Annual growth in average regular earnings fell to 5.1% between May and July this year, while growth in total earnings – which includes bonuses – shrunk to 4%, the lowest increase seen in two years. In real terms, annual growth for regular pay amounted to 2.2% over the period, while total pay growth stood at 1.1%.

Elsewhere, unemployment fell by 10 basis points from 4.2% in April to June, to 4.1% between May and July. While the number of payrolled employees fell by 6,000 between June and July this year, it is up by 203,000 compared to July last year.

See also: US jobs data gives Fed ‘reasons to cut, not to panic’

Richard Carter, head of fixed interest research at Quilter Cheviot, said markets have been pricing in a “relatively slow pace of cuts” from the Bank of England, with wage growth serving as “one of the primary reasons”.

“Though wage growth is coming down, it remains significantly higher than the Bank’s 2% inflation target,” he said. “In real terms, average regular earnings are rising by 2.9%. While this may help buoy consumer confidence, it will still be of some concern to the BoE.”

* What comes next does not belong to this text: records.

(* Let $\theta:R\to S$ be a surjective ring homomorphism with $\theta(1)=1$ (so $\theta(C(R))\subseteq C(S)$), and let $g(x)=\sum_{i=0}^n a_ix^i\in C(R)[x]$. If $R$ is weakly $g(x)$-$r$-clean, then $S$ is weakly $\theta'(g(x))$-$r$-clean, where $\theta'(g(x))=\sum_{i=0}^n\theta(a_i)x^i\in C(S)[x]$.
   Context: Rings are associative with identity; $C(R)$ is the center of $R$ and $Reg(R)=\{r: r=ryr \text{ for some } y\in R\}$. For a fixed $g(x)\in C(R)[x]$, an element $z\in R$ is weakly $g(x)$-$r$-clean if $z=r+s$ or $z=r-s$ with $r\in Reg(R)$ and $g(s)=0$; $R$ is weakly $g(x)$-$r$-clean if all its elements are. *)

theory Defs
  imports "HOL-Algebra.Ring" "HOL-Algebra.RingHom"
begin

definition ring_center :: "('a, 'm) ring_scheme \<Rightarrow> 'a set" where
  "ring_center R = {c \<in> carrier R. \<forall>x \<in> carrier R. c \<otimes>\<^bsub>R\<^esub> x = x \<otimes>\<^bsub>R\<^esub> c}"

definition Reg :: "('a, 'm) ring_scheme \<Rightarrow> 'a set" where
  "Reg R = {r \<in> carrier R. \<exists>y \<in> carrier R. r = r \<otimes>\<^bsub>R\<^esub> y \<otimes>\<^bsub>R\<^esub> r}"

text \<open>A polynomial g(x) = sum_{i=0}^n a_i x^i is given by its coefficient
  function a and the bound n; evaluation at s.\<close>
definition poly_eval :: "('a, 'm) ring_scheme \<Rightarrow> (nat \<Rightarrow> 'a) \<Rightarrow> nat \<Rightarrow> 'a \<Rightarrow> 'a" where
  "poly_eval R a n s = (\<Oplus>\<^bsub>R\<^esub> i \<in> {..n}. a i \<otimes>\<^bsub>R\<^esub> (s [^]\<^bsub>R\<^esub> i))"

definition weakly_g_r_clean_elem ::
  "('a, 'm) ring_scheme \<Rightarrow> (nat \<Rightarrow> 'a) \<Rightarrow> nat \<Rightarrow> 'a \<Rightarrow> bool" where
  "weakly_g_r_clean_elem R a n z \<longleftrightarrow>
     (\<exists>r \<in> Reg R. \<exists>s \<in> carrier R. poly_eval R a n s = \<zero>\<^bsub>R\<^esub> \<and>
        (z = r \<oplus>\<^bsub>R\<^esub> s \<or> z = r \<ominus>\<^bsub>R\<^esub> s))"

definition weakly_g_r_clean :: "('a, 'm) ring_scheme \<Rightarrow> (nat \<Rightarrow> 'a) \<Rightarrow> nat \<Rightarrow> bool" where
  "weakly_g_r_clean R a n \<longleftrightarrow> (\<forall>z \<in> carrier R. weakly_g_r_clean_elem R a n z)"

end

theory Submission
  imports Defs "HOL-Algebra.UnivPoly"
begin

text \<open>Every ingredient of a weakly clean decomposition is transported by a ring homomorphism:
  regularity is an equation, and evaluating a polynomial commutes with the homomorphism.
  Surjectivity then reaches every element of the target. Centrality of the coefficients is
  not needed; only that they lie in the carrier.\<close>

context ring_hom_ring
begin

lemma hom_poly_eval:
  assumes "\<And>i. i \<le> n \<Longrightarrow> a i \<in> carrier R" and "s \<in> carrier R"
  shows "h (poly_eval R a n s) = poly_eval S (\<lambda>i. h (a i)) n (h s)"
proof -
  have "(\<lambda>i. a i \<otimes>\<^bsub>R\<^esub> s [^]\<^bsub>R\<^esub> i) \<in> {..n} \<rightarrow> carrier R"
    using assms by auto
  then have "h (poly_eval R a n s) = (\<Oplus>\<^bsub>S\<^esub> i \<in> {..n}. h (a i \<otimes>\<^bsub>R\<^esub> s [^]\<^bsub>R\<^esub> i))"
    unfolding poly_eval_def by (simp add: hom_finsum comp_def)
  also have "\<dots> = poly_eval S (\<lambda>i. h (a i)) n (h s)"
    unfolding poly_eval_def
    using assms by (intro S.finsum_cong') (auto simp: hom_mult hom_nat_pow)
  finally show ?thesis .
qed

lemma hom_Reg:
  assumes "r \<in> Reg R"
  shows "h r \<in> Reg S"
proof -
  obtain y where r: "r \<in> carrier R" and y: "y \<in> carrier R" and "r = r \<otimes>\<^bsub>R\<^esub> y \<otimes>\<^bsub>R\<^esub> r"
    using assms by (auto simp: Reg_def)
  then have "h r = h r \<otimes>\<^bsub>S\<^esub> h y \<otimes>\<^bsub>S\<^esub> h r"
    by (metis R.m_closed hom_mult)
  with r y show ?thesis
    by (auto simp: Reg_def)
qed

lemma hom_weakly_g_r_clean_elem:
  assumes "\<And>i. i \<le> n \<Longrightarrow> a i \<in> carrier R" and "weakly_g_r_clean_elem R a n x"
  shows "weakly_g_r_clean_elem S (\<lambda>i. h (a i)) n (h x)"
proof -
  obtain r s where r: "r \<in> Reg R" and s: "s \<in> carrier R"
    and root: "poly_eval R a n s = \<zero>\<^bsub>R\<^esub>"
    and x: "x = r \<oplus>\<^bsub>R\<^esub> s \<or> x = r \<ominus>\<^bsub>R\<^esub> s"
    using assms(2) by (auto simp: weakly_g_r_clean_elem_def)
  have rc: "r \<in> carrier R"
    using r by (simp add: Reg_def)
  have "poly_eval S (\<lambda>i. h (a i)) n (h s) = \<zero>\<^bsub>S\<^esub>"
    using hom_poly_eval[of n a s] assms(1) s root by simp
  moreover have "h x = h r \<oplus>\<^bsub>S\<^esub> h s \<or> h x = h r \<ominus>\<^bsub>S\<^esub> h s"
    using x rc s by (auto simp: a_minus_def hom_add hom_a_inv)
  ultimately show ?thesis
    using hom_Reg[OF r] hom_closed[OF s] unfolding weakly_g_r_clean_elem_def by blast
qed

end

theorem proposition3p2:
  fixes R :: "('a, 'm) ring_scheme" and S :: "('b, 'n) ring_scheme"
    and \<theta> :: "'a \<Rightarrow> 'b" and a :: "nat \<Rightarrow> 'a" and n :: nat
  assumes "ring R" and "ring S"
    and "\<theta> \<in> ring_hom R S"
    and "\<theta> ` carrier R = carrier S"
    and "\<forall>i \<le> n. a i \<in> ring_center R"
    and "weakly_g_r_clean R a n"
  shows "weakly_g_r_clean S (\<lambda>i. \<theta> (a i)) n"
proof -
  interpret ring_hom_ring R S \<theta>
    using assms(1-3) by (simp add: ring_hom_ring_def ring_hom_ring_axioms_def)
  have coeffs: "\<And>i. i \<le> n \<Longrightarrow> a i \<in> carrier R"
    using assms(5) by (auto simp: ring_center_def)
  show ?thesis
    unfolding weakly_g_r_clean_def
  proof
    fix z assume "z \<in> carrier S"
    then obtain x where "x \<in> carrier R" and "z = \<theta> x"
      using assms(4) by blast
    then show "weakly_g_r_clean_elem S (\<lambda>i. \<theta> (a i)) n z"
      using hom_weakly_g_r_clean_elem[OF coeffs] assms(6)
      by (simp add: weakly_g_r_clean_def)
  qed
qed

end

He added: “The Bank of England’s next interest rate decision is now just over a week away, and today’s data, alongside the inflation and GDP prints due out before it meets, will no doubt play a major role in whether it opts to reduce rates further or hold for now.

“Markets have been pricing in a more aggressive path of rate cuts in the US than the UK, and unless something remarkable appears in either of these prints it is unlikely we will see this change.”

Zara Nokes, global market analyst at J.P. Morgan Asset Management, said that while a September rate cut from the Fed “looks almost certain”, the BoE “should not be tempted to follow suit this month”.

“Today’s moderation in UK wage growth, combined with the downside surprise in July’s service sector inflation, adds some credence to the Bank’s assessment that the wage-price cycle is unwinding.

“However, with growth accelerating, this is not an economy in desperate need of stimulus and it seems unlikely the Bank would deliver another rate cut in such quick succession.

“In our view, the Bank would be better placed to wait until its November meeting to assess whether it needs to further ease off the brake. In doing so, policymakers could incorporate the outcome of the upcoming UK budget, while potentially also being able to gauge any impact on global growth and inflation dynamics stemming from the US election result.”

Neil Birrell, chief investment officer at Premier Miton Investors and lead manager of the Premier Miton Diversified Fund range, said: “The UK unemployment rate was as expected in August and wages came in as anticipated as well. The Bank of England will not want any surprises, good or bad, ahead of their decision on rates and this leaves the path clear for them to cut at their meeting.”